5. **retrieve_OMOP_vocab_tables**: Data with extended vocabularies are retrieved from a remote directory. See the [MappingToOMOP](http://gitlab.cbra.com/igutierrez/MappingToOmop) repo.

After this process, all data should be in a bps_to_omop friendly format and the generation of the OMOP tables can begin.


## 2. Generation of the OMOP tables

Once the original files are "omopized", we can start building the OMOP tables themselves. Depending on the original data, not every table needs to be built. This generates a situation where a general procedure to build every table is not optimal, hence, we have provided single script for each table that rely on bps_to_omop modules. Which tables to build depends almost entirely on the specifics of the original data.

Take into accoutn that, tables CDM_SOURCE, PERSON and OBSERVATION_PERIOD are always mandatory.

It is recommended to study the original data and plan ahead what tables would be needed for the current project. As an example, if our main goal is to create the tables PERSON, CONDITION_OCCURRENCE and MEASUREMENT, the process can be summarized in the following diagram:

```{mermaid}
%%{init: {'flowchart': {'curve': 'linear'}} }%%
flowchart LR
	script_cdm_source["genomop_cdm_source"]
	script_person["genomop_person"]
	script_obs["genomop_observation_period"]
	script_visit["genomop_visit_occurrence"]
	script_cond["genomop_condition_occurrence"]
	script_meas["genomop_measurement"]

	folder_cdm_source{{<i>/omop_intermediate/CDM_SOURCE/</i>}}
	folder_person{{<i>/omop_intermediate/PERSON/</i>}}
	folder_obs{{<i>/omop_intermediate/OBSERVATION_PERIOD/</i>}}
	folder_visit{{<i>/omop_intermediate/VISIT_OCCURRENCE/</i>}}
	folder_cond{{<i>/omop_intermediate/CONDITION_OCCURRENCE/</i>}}
	folder_meas{{<i>/omop_intermediate/MEASUREMENT/</i>}}

	subgraph group1 [Independent tables]
		script_cdm_source	
		script_person
		script_obs
		script_visit
	end
	
	script_visit --> script_cond
	script_visit --> script_meas

	script_cdm_source --> folder_cdm_source
	script_person --> folder_person
	script_obs --> folder_obs
	script_visit --> folder_visit
	script_cond --> folder_cond
	script_meas --> folder_meas

	subgraph group2 [Dependent tables]
		script_cond["genomop_condition_occurrence"]
		script_meas["genomop_measurement"]

	end

	subgraph group3 [Final OMOP tables]
		folder_cdm_source
		folder_person 
		folder_obs 
		folder_visit  
		folder_cond
		folder_meas
	end
```

It is important to determine which tables need to be built first.
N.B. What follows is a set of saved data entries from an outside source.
lemma osculant_rescales_to_necklace_param:
  assumes "\<forall>i<length d. 0 < d ! i" "d \<noteq> []" "is_dparam d xs" "monom 1 (dsize d) dvd H_comp xs"
  shows "\<exists>r w. r \<noteq> 0 \<and> is_dword d w \<and> rescale r xs = necklace_param (length d) w"
proof -
  have N: "0 < dsize d"
    using assms(1,2) by (rule dsize_pos)
  obtain a where a: "a \<noteq> 0" "H_comp xs = monom a (dsize d)"
    using H_comp_osculant_eq_monom[OF assms] by blast
  obtain r where "r ^ dsize d = - 1 / a"
    using complex_nth_root_exists[OF N] by blast
  then have r: "a * r ^ dsize d = -1" "r \<noteq> 0"
    using a(1) N by (auto simp: power_0_left)
  obtain w where w: "is_dword d w"
    and roots: "\<And>k i. k < dsize d \<Longrightarrow> i < length d \<Longrightarrow>
      w ! k = i \<longleftrightarrow> poly (xs ! i + 1) (r * root_unity (dsize d) ^ k) = 0"
    using osculant_root_word[OF assms(1-3) a(2) r(1)] by blast
  have "(xs ! i + 1) \<circ>\<^sub>p [:0, r:] = necklace_factor w i" if i: "i < length d" for i
  proof (rule necklace_factor_unique)
    show "poly ((xs ! i + 1) \<circ>\<^sub>p [:0, r:]) 0 = 1"
      using dparam_factor(2)[OF assms(1,3) i] by (simp add: poly_pcompose)
    show "degree ((xs ! i + 1) \<circ>\<^sub>p [:0, r:]) \<le> count_list w i"
      using dparam_factor(1)[OF assms(1,3) i] w i r(2) by (simp add: degree_pcompose is_dword_def)
    fix k assume "k < length w" "w ! k = i"
    then show "poly ((xs ! i + 1) \<circ>\<^sub>p [:0, r:]) (root_unity (length w) ^ k) = 0"
      using roots[of k i] w i by (simp add: poly_pcompose is_dword_def mult.commute)
  qed
  then have "rescale r xs = necklace_param (length d) w"
    using assms(3) by (intro nth_equalityI)
      (auto simp: rescale_def is_dparam_def pcompose_add pcompose_1 eq_diff_eq)
  then show ?thesis
    using r(2) w by blast
qed

lemma H_osculants_eq_necklace_param_images:
  assumes "\<forall>i<length d. 0 < d ! i" "d \<noteq> []"
  shows "H_osculants d = (\<lambda>w. param_image (necklace_param (length d) w)) `
    {w. is_dword d w \<and> card (rot_orbit w) = dsize d}"
proof -
  have word: "set w \<subseteq> {..<length d}" "length w = dsize d" "w \<noteq> []" if "is_dword d w" for w
    using that dsize_pos[OF assms] by (auto simp: is_dword_def)
  show ?thesis
  proof (intro set_eqI iffI)
    fix C assume "C \<in> H_osculants d"
    then obtain xs where xs: "C = param_image xs" "is_dparam d xs" "one_fold xs"
      "monom 1 (dsize d) dvd H_comp xs"
      unfolding H_osculants_def by blast
    obtain r w where rw: "r \<noteq> 0" "is_dword d w" "rescale r xs = necklace_param (length d) w"
      using osculant_rescales_to_necklace_param[OF assms xs(2,4)] by blast
    have "C = param_image (necklace_param (length d) w)"
      using xs(1) rw(3) param_image_rescale[OF rw(1), of xs] by simp
    moreover have "card (rot_orbit w) = dsize d"
      using one_fold_rescale[OF rw(1) xs(3)] one_fold_necklace_param_iff[of w] rw word by simp
    ultimately show "C \<in> (\<lambda>w. param_image (necklace_param (length d) w)) `
        {w. is_dword d w \<and> card (rot_orbit w) = dsize d}"
      using rw(2) by blast
  next
    fix C assume "C \<in> (\<lambda>w. param_image (necklace_param (length d) w)) `
        {w. is_dword d w \<and> card (rot_orbit w) = dsize d}"
    then obtain w where w: "C = param_image (necklace_param (length d) w)" "is_dword d w"
      "card (rot_orbit w) = dsize d"
      by blast
    have "is_dparam d (necklace_param (length d) w)"
      using w(2) assms(1) by (rule is_dparam_necklace_param)
    moreover have "one_fold (necklace_param (length d) w)"
      using one_fold_necklace_param_iff[of w] w word by simp
    moreover have "monom 1 (dsize d) dvd H_comp (necklace_param (length d) w)"
      using H_comp_necklace_param[of w] w(2) word by simp
    ultimately show "C \<in> H_osculants d"
      unfolding H_osculants_def using w(1) by blast
  qed
qed

lemma H_osculants_Nil: "H_osculants [] = {}"
proof -
  have "\<not> one_fold []"
  proof
    assume "one_fold []"
    then have "\<exists>S. finite S \<and> (\<forall>t s. t \<notin> S \<longrightarrow> s = (t::complex))"
      by (simp add: one_fold_def param_eval_def)
    then obtain S where "finite S" and S: "\<forall>t s. t \<notin> S \<longrightarrow> s = (t::complex)"
      by blast
    then obtain t where "t \<notin> S"
      using ex_new_if_finite[OF infinite_UNIV_char_0] by blast
    then have "\<forall>s. s = t"
      using S by blast
    then have "t + 1 = t"
      by (rule spec)
    then show False
      by simp
  qed
  moreover have "xs = []" if "is_dparam [] xs" for xs
    using that by (simp add: is_dparam_def)
  ultimately show ?thesis
    unfolding H_osculants_def by blast
qed

lemma primitive_necklaces_Nil: "primitive_necklaces [] = {}"
proof -
  have "card (rot_orbit []) \<noteq> dsize []"
    by (simp add: rot_orbit_def dsize_def)
  moreover have "w = []" if "is_dword [] w" for w
    using that by (simp add: is_dword_def dsize_def)
  ultimately show ?thesis
    unfolding primitive_necklaces_def by blast
qed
Usually, VISIT_OCCURRENCE is the next step after OBSERVATION_PERIOD, but VISIT_OCCURRENCE can reference entries in the LOCATION table. If that's the case, LOCATION should be built before VISIT_OCCURRENCE.

The best way to determine this is to go to the [CDM definiton website](https://ohdsi.github.io/CommonDataModel/cdm54.html) and see which tables ones **needs** first, and then look in the contents of those tables for other tables that need to be built in advance. 

Most likely, most tables will only depend on one or two others. After defining that, just pick one of the earliest tables in the chain, look for the corresponding guide in the docs folder and generation script example in the examples folder and follow the instructions.